Okla. Admin. Code § 310:661-5-2.2 - Core Services
(a)
General. A hospice must provide substantially all core services
directly by hospice trained and oriented employees. These services include
nursing services, medical social services, and bereavement and spiritual
counseling. The hospice may contract for physician services.
(b)
Physician services. The
hospice medical advisor, physician employees, and contracted physician(s) of
the hospice, in conjunction with the patient's attending physician , are
responsible for the palliation and management of the terminal illness and
conditions related to the terminal illness.
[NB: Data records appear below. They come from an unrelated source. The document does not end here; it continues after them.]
lemma canon1_split:
  assumes "c \<in> canon1 y"
  obtains u q where "c = u @ q" "set u \<subseteq> {S0, S1, S2}" "set q \<subseteq> {S0b, S1b}"
proof
  let ?P = "\<lambda>a. a \<in> {S0, S1, S2}"
  show "c = takeWhile ?P c @ dropWhile ?P c" by simp
  show "set (takeWhile ?P c) \<subseteq> {S0, S1, S2}" by (auto dest: set_takeWhileD)
  show "set (dropWhile ?P c) \<subseteq> {S0b, S1b}" using canon1_barred_suffix[OF assms] .
qed

lemma simp1_append_canon1: "simp1 (y @ s) = (\<Union>c \<in> canon1 y. simp1 (c @ s))"
proof (induction y)
  case (Cons a y)
  consider "canon1 y = {}" | c where "canon1 y = {c}" using canon1_at_most_one by blast
  then show ?case
  proof cases
    case 1
    then show ?thesis using Cons.IH by (cases a) auto
  next
    case (2 c)
    then have IH: "simp1 (y @ s) = simp1 (c @ s)" using Cons.IH by simp
    show ?thesis
    proof (cases c)
      case Nil
      then show ?thesis using 2 IH by (cases a) auto
    next
      case (Cons b c')
      then show ?thesis using 2 IH by (cases a; cases b) auto
    qed
  qed
qed simp

lemma simp1_append_nonempty_iff:
  assumes "u @ q \<in> canon1 y" "set u \<subseteq> {S0, S1, S2}" "set q \<subseteq> {S0b, S1b}" "set s \<subseteq> {S0, S1}"
  shows "simp1 (y @ s) \<noteq> {} \<longleftrightarrow> prefix (ovl q) s"
proof -
  have "canon1 y = {u @ q}" using assms(1) canon1_at_most_one by blast
  then have "simp1 (y @ s) = simp1 (u @ (q @ s))" using simp1_append_canon1[of y s] by simp
  then have "simp1 (y @ s) \<noteq> {} \<longleftrightarrow> simp1 (q @ s) \<noteq> {}"
    using simp1_unbarred_append_empty_iff[OF assms(2)] by simp
  also have "\<dots> \<longleftrightarrow> (\<exists>s'. s = ovl q @ s')"
    unfolding simp1_barred_append[OF assms(3,4)] by blast
  finally show ?thesis unfolding prefix_def .
qed

section \<open>Grammars that are right-linear along a spine\<close>

lemma step_intro: "(A, rhs) \<in> G \<Longrightarrow> (u @ Inr A # v, u @ rhs @ v) \<in> step G"
  unfolding step_def by force

lemma step_mono: "G \<subseteq> H \<Longrightarrow> step G \<subseteq> step H"
  unfolding step_def by blast

lemma Cons_append_eq_append_map_Inl:
  assumes "u @ Inr A # v = \<gamma> @ map Inl s"
  obtains v' where "\<gamma> = u @ Inr A # v'" "v = v' @ map Inl s"
proof -
  obtain us where "u = \<gamma> @ us \<and> us @ Inr A # v = map Inl s \<or> u @ us = \<gamma> \<and> Inr A # v = us @ map Inl s"
    using assms unfolding append_eq_append_conv2 by blast
  then show ?thesis
  proof
    assume "u = \<gamma> @ us \<and> us @ Inr A # v = map Inl s"
    then have "Inr A \<in> set (map Inl s)" by (metis in_set_conv_decomp)
    then show ?thesis by auto
  next
    assume "u @ us = \<gamma> \<and> Inr A # v = us @ map Inl s"
    then show ?thesis using that by (cases us; cases s) auto
  qed
qed

lemma Cons_append_eq_append_singleton:
  "u @ a # v = \<gamma> @ [b] \<Longrightarrow> v = [] \<and> u = \<gamma> \<and> a = b \<or> (\<exists>v'. v = v' @ [b] \<and> \<gamma> = u @ a # v')"
  by (cases v rule: rev_cases) auto

definition remove_lhs :: "'n \<Rightarrow> ('t, 'n) grammar \<Rightarrow> ('t, 'n) grammar" where
  "remove_lhs C G = {(A, r) \<in> G. A \<noteq> C}"

locale right_linear_spine =
  fixes G :: "('t, 'n) grammar" and T :: "'n set" and C :: 'n
  assumes spine_prod:
      "\<lbrakk>(X, r) \<in> G; X \<in> T; X \<noteq> C\<rbrakk> \<Longrightarrow> \<exists>\<gamma> Y. r = \<gamma> @ [Inr Y] \<and> Y \<in> T \<and> set \<gamma> \<inter> Inr ` T = {}"
    and off_spine_prod: "\<lbrakk>(X, r) \<in> G; X \<notin> T\<rbrakk> \<Longrightarrow> set r \<inter> Inr ` T = {}"
    and final_prod: "(C, r) \<in> G \<Longrightarrow> \<exists>s. r = map Inl s"
    and final_in_spine: "C \<in> T"
begin

lemma rewrite_off_spine:
  assumes "(A, rhs) \<in> G" "Inr A \<in> set \<gamma>" "set \<gamma> \<inter> Inr ` T = {}"
  shows "(A, rhs) \<in> remove_lhs C G" "set rhs \<inter> Inr ` T = {}"
proof -
  have "A \<notin> T" using assms(2,3) by blast
  then show "(A, rhs) \<in> remove_lhs C G" "set rhs \<inter> Inr ` T = {}"
    using assms(1) off_spine_prod final_in_spine unfolding remove_lhs_def by auto
qed

definition spine_form :: "'n \<Rightarrow> ('t + 'n) list \<Rightarrow> bool" where
  "spine_form S \<phi> \<longleftrightarrow> (\<exists>\<gamma> Y. \<phi> = \<gamma> @ [Inr Y] \<and> Y \<in> T \<and> set \<gamma> \<inter> Inr ` T = {}
     \<and> ([Inr S], \<phi>) \<in> (step (remove_lhs C G))\<^sup>*)"

definition final_form :: "'n \<Rightarrow> ('t + 'n) list \<Rightarrow> bool" where
  "final_form S \<phi> \<longleftrightarrow> (\<exists>\<gamma> s. \<phi> = \<gamma> @ map Inl s \<and> (C, map Inl s) \<in> G \<and> set \<gamma> \<inter> Inr ` T = {}
     \<and> ([Inr S], \<gamma> @ [Inr C]) \<in> (step (remove_lhs C G))\<^sup>*)"

lemma spine_form_step:
  assumes "spine_form S \<phi>" and "(\<phi>, \<phi>') \<in> step G"
  shows "spine_form S \<phi>' \<or> final_form S \<phi>'"
proof -
  obtain \<gamma> Y where \<phi>: "\<phi> = \<gamma> @ [Inr Y]" "Y \<in> T" "set \<gamma> \<inter> Inr ` T = {}"
    "([Inr S], \<phi>) \<in> (step (remove_lhs C G))\<^sup>*"
    using assms(1) unfolding spine_form_def by blast
  obtain u A v rhs where rw: "\<phi> = u @ Inr A # v" "\<phi>' = u @ rhs @ v" "(A, rhs) \<in> G"
    using assms(2) unfolding step_def by auto
  from Cons_append_eq_append_singleton[of u "Inr A" v \<gamma> "Inr Y"] rw(1) \<phi>(1)
  consider (last) "v = []" "u = \<gamma>" "A = Y" | (inner) v' where "v = v' @ [Inr Y]" "\<gamma> = u @ Inr A # v'"
    by auto
  then show ?thesis
  proof cases
    case last
    show ?thesis
    proof (cases "Y = C")
      case True
      then obtain s where "rhs = map Inl s" using final_prod rw(3) last by blast
      then show ?thesis using rw last \<phi> True unfolding final_form_def by auto
    next
      case False
      then obtain \<gamma>' Y' where r: "rhs = \<gamma>' @ [Inr Y']" "Y' \<in> T" "set \<gamma>' \<inter> Inr ` T = {}"
        using spine_prod rw(3) last \<phi>(2) by blast
      have "(A, rhs) \<in> remove_lhs C G" using rw(3) last False unfolding remove_lhs_def by simp
      then have "(\<phi>, \<phi>') \<in> step (remove_lhs C G)" using rw(1,2) step_intro by metis
      then show ?thesis using \<phi> r rw(2) last unfolding spine_form_def
        by (intro disjI1 exI[of _ "\<gamma> @ \<gamma>'"] exI[of _ Y']) auto
    qed
  next
    case (inner v')
    have off: "(A, rhs) \<in> remove_lhs C G" "set rhs \<inter> Inr ` T = {}"
      using rewrite_off_spine[OF rw(3) _ \<phi>(3)] inner by auto
    then have "(\<phi>, \<phi>') \<in> step (remove_lhs C G)" using rw(1,2) step_intro by metis
    then show ?thesis using \<phi> rw(2) inner off(2) unfolding spine_form_def
      by (intro disjI1 exI[of _ "u @ rhs @ v'"] exI[of _ Y]) auto
  qed
qed
lemma cubic_Max_root_le:
  fixes c F y :: real
  assumes F: "0 \<le> F" and c: "1 \<le> c" "c \<le> y" and py: "F \<le> y * (y - 1) * (y - c)"
  shows "Max {x. x ^ 3 - (c + 1) * x\<^sup>2 + c * x - F = 0} \<le> y"
proof -
  define p where "p x = x * (x - 1) * (x - c) - F" for x
  have roots: "{x. x ^ 3 - (c + 1) * x\<^sup>2 + c * x - F = 0} = {x. poly [:-F, c, -(c + 1), 1:] x = 0}"
    "{x. x ^ 3 - (c + 1) * x\<^sup>2 + c * x - F = 0} = {x. p x = 0}"
    unfolding p_def by (simp_all add: algebra_simps power2_eq_square power3_eq_cube)
  have "finite {x. x ^ 3 - (c + 1) * x\<^sup>2 + c * x - F = 0}"
    unfolding roots(1) by (rule poly_roots_finite) simp
  moreover have "\<exists>x. p x = 0"
  proof -
    have "continuous_on {0..y} p" unfolding p_def by (intro continuous_intros)
    then show ?thesis
      using IVT'[of p 0 0 y] F c py unfolding p_def by auto
  qed
  moreover have "x \<le> y" if "p x = 0" for x
  proof (rule ccontr)
    assume "\<not> x \<le> y"
    then have "y * (y - 1) * (y - c) < x * (x - 1) * (x - c)"
      using c by (intro mult_strict_mono' mult_mono) auto
    then show False using that py unfolding p_def by simp
  qed
  ultimately show ?thesis unfolding roots(2) by (subst Max_le_iff) auto
qed

theorem theorem4p1:
  fixes a :: "bool list" and n m c :: nat and \<xi> \<rho> :: real
  assumes "length a = n" and "n \<ge> 4" and "a ! 0"
    and "thr_connected a"
    and "m = thr_size a" and "n - 1 < m" and "m < n choose 2"
    and "c = thr_c a"
    and "\<rho> = spectral_radius (thr_adj_mat a)"
    and "\<xi> = Max {x :: real. x ^ 3 - (real c + 1) * x ^ 2 + real c * x - real (thr_F1 a) = 0}"
  shows "\<xi> \<le> 1 + \<rho>"
proof -
  have c2: "2 \<le> c" using thr_c_ge_2[OF \<open>a ! 0\<close>] assms(5,6,8) by simp
  then have \<rho>: "real c - 1 \<le> \<rho>" "real (thr_F1 a) \<le> real c * \<rho> * (\<rho> - real c + 1)"
    using thr_spectral_radius_bounds[of a] assms(8,9) by auto
  have "real c * \<rho> * (\<rho> - real c + 1) \<le> (1 + \<rho>) * \<rho> * (\<rho> - real c + 1)"
    using \<rho>(1) c2 by (intro mult_right_mono) auto
  then have "real (thr_F1 a) \<le> (1 + \<rho>) * (1 + \<rho> - 1) * (1 + \<rho> - real c)"
    using \<rho>(2) by (simp add: algebra_simps)
  with \<rho>(1) c2 show ?thesis
    unfolding assms(10) by (intro cubic_Max_root_le) auto
qed

end
lemma supermartingale_rate_step:
  assumes "0 \<le> \<gamma>" "3 \<le> r" and rate_nonneg: "0 \<le> supermartingale_rate \<Lambda> \<gamma> (r - 1)"
  shows "supermartingale_rate \<Lambda> \<gamma> (r - 1) + (supermartingale_rate \<Lambda> \<gamma> (r - 1) / (real r - 1))^2 * \<gamma> / 2
           \<le> supermartingale_rate \<Lambda> \<gamma> r"
proof -
  define c where "c = \<Lambda>^2 * \<gamma> / 2"
  define \<beta> where "\<beta> = supermartingale_rate \<Lambda> \<gamma> (r - 1)"
  have r: "real r - 1 > 0" "real r - 2 > 0" using assms(2) by auto
  have \<beta>: "\<beta> = \<Lambda> - c / (real r - 2)"
    using assms(2) by (simp add: \<beta>_def supermartingale_rate_def c_def of_nat_diff)
  have c: "0 \<le> c" using \<open>0 \<le> \<gamma>\<close> by (simp add: c_def)
  have "\<beta> \<le> \<Lambda>" using c r by (simp add: \<beta>)
  then have "\<beta>^2 \<le> \<Lambda>^2" using rate_nonneg by (intro power_mono) (simp_all add: \<beta>_def)
  then have "(\<beta> / (real r - 1))^2 * \<gamma> / 2 \<le> c / (real r - 1)^2"
    using \<open>0 \<le> \<gamma>\<close> r
    by (simp add: c_def power_divide mult.commute[of 2] divide_right_mono mult_right_mono)
  also have "\<dots> \<le> c / ((real r - 1) * (real r - 2))"
    using c r by (intro divide_left_mono) (auto simp: power2_eq_square)
  also have "\<dots> = c / (real r - 2) - c / (real r - 1)"
    using r by (simp add: field_simps)
  finally have "(\<beta> / (real r - 1))^2 * \<gamma> / 2 \<le> c / (real r - 2) - c / (real r - 1)" .
  moreover have "supermartingale_rate \<Lambda> \<gamma> r = \<Lambda> - c / (real r - 1)"
    by (simp add: supermartingale_rate_def c_def)
  ultimately show ?thesis unfolding \<beta>_def[symmetric] using \<beta> by linarith
qed

lemma sum_exp_leave_one_out_le:
  fixes a :: "'a \<Rightarrow> real"
  assumes "finite A" "3 \<le> card A" and bounds: "\<forall>x\<in>A. 0 \<le> a x \<and> a x \<le> \<gamma>" and "0 \<le> \<gamma>"
    and rate_nonneg: "0 \<le> supermartingale_rate \<Lambda> \<gamma> (card A - 1)"
  shows "(\<Sum>x\<in>A. exp (supermartingale_rate \<Lambda> \<gamma> (card A - 1) * (sum a (A - {x}) / (card A - 1))))
           \<le> card A * exp (supermartingale_rate \<Lambda> \<gamma> (card A) * (sum a A / card A))"
proof -
  define r where "r = real (card A)"
  define \<beta> where "\<beta> = supermartingale_rate \<Lambda> \<gamma> (card A - 1)"
  define M where "M = sum a A / r"
  define s where "s = \<beta> / (r - 1)"
  have "A \<noteq> {}" using assms(2) by auto
  have M: "0 \<le> M" using bounds by (auto simp: M_def r_def intro!: sum_nonneg divide_nonneg_nonneg)
  have mean: "\<beta> * (sum a (A - {x}) / (card A - 1)) = \<beta> * M + s * (M - a x)" if "x \<in> A" for x
  proof -
    have "real (card A - 1) = r - 1" "r - 1 > 0" "real (card A) \<noteq> 0"
      using assms(2) by (simp_all add: r_def of_nat_diff)
    then show ?thesis
      using that assms(1) by (simp add: sum_diff1 M_def s_def r_def field_simps)
  qed
  have "(\<Sum>x\<in>A. exp (\<beta> * (sum a (A - {x}) / (card A - 1))))
          = exp (\<beta> * M) * (\<Sum>x\<in>A. exp (s * (M - a x)))"
    by (simp only: sum_distrib_left, rule sum.cong) (simp_all only: mean exp_add)
  also have "\<dots> \<le> exp (\<beta> * M) * (r * exp (s^2 * \<gamma> * M / 2))"
    using sum_exp_deviation_from_mean_le[OF assms(1) \<open>A \<noteq> {}\<close> bounds, of s] rate_nonneg assms(2)
    by (simp add: M_def r_def s_def \<beta>_def)
  also have "\<dots> = r * exp ((\<beta> + s^2 * \<gamma> / 2) * M)"
    by (simp add: exp_add[symmetric] algebra_simps)
  also have "\<dots> \<le> r * exp (supermartingale_rate \<Lambda> \<gamma> (card A) * M)"
    using supermartingale_rate_step[OF \<open>0 \<le> \<gamma>\<close> assms(2) rate_nonneg] M
    by (intro mult_left_mono) (simp_all add: \<beta>_def s_def r_def mult_right_mono)
  finally show ?thesis by (simp add: r_def M_def \<beta>_def)
qed

lemma average_le_exp_of_leave_one_out_le:
  fixes a p :: "'a \<Rightarrow> real"
  assumes "finite A" "3 \<le> card A" and bounds: "\<forall>x\<in>A. 0 \<le> a x \<and> a x \<le> \<gamma>" and "0 \<le> \<gamma>"
    and "0 \<le> supermartingale_rate \<Lambda> \<gamma> (card A - 1)"
    and p: "\<forall>x\<in>A. p x \<le> exp (supermartingale_rate \<Lambda> \<gamma> (card A - 1) * (sum a (A - {x}) / (card A - 1)) - R)"
  shows "(\<Sum>x\<in>A. p x) / card A \<le> exp (supermartingale_rate \<Lambda> \<gamma> (card A) * (sum a A / card A) - R)"
proof -
  let ?\<beta> = "supermartingale_rate \<Lambda> \<gamma> (card A - 1)"
  have "(\<Sum>x\<in>A. p x) \<le> (\<Sum>x\<in>A. exp (?\<beta> * (sum a (A - {x}) / (card A - 1)) - R))"
    using p by (intro sum_mono) auto
  also have "\<dots> = exp (- R) * (\<Sum>x\<in>A. exp (?\<beta> * (sum a (A - {x}) / (card A - 1))))"
    by (simp add: sum_distrib_left mult_exp_exp)
  also have "\<dots> \<le> exp (- R) * (card A * exp (supermartingale_rate \<Lambda> \<gamma> (card A) * (sum a A / card A)))"
    using sum_exp_leave_one_out_le[OF assms(1-5)] by (intro mult_left_mono) auto
  finally show ?thesis
    using assms(2) by (simp add: pos_divide_le_eq mult_exp_exp mult_ac)
qed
(1) All physician employees and those under
contract, must function under the supervision of the hospice medical
advisor.
(2) All physician
employees and those under contract must meet this requirement by either
providing the services directly or through coordinating patient care with the
attending physician .
(3) If the
attending physician is unavailable, the medical advisor, contracted physician,
and/or hospice physician employee is responsible for meeting the medical needs
of the patient.
(c)
Nursing services.
(1) The
hospice must provide nursing care by licensed nurses under the supervision of a
registered nurse . Nursing services must ensure that the nursing needs of the
patient are met as identified in the patient's initial assessment ,
comprehensive assessment , and updated assessments.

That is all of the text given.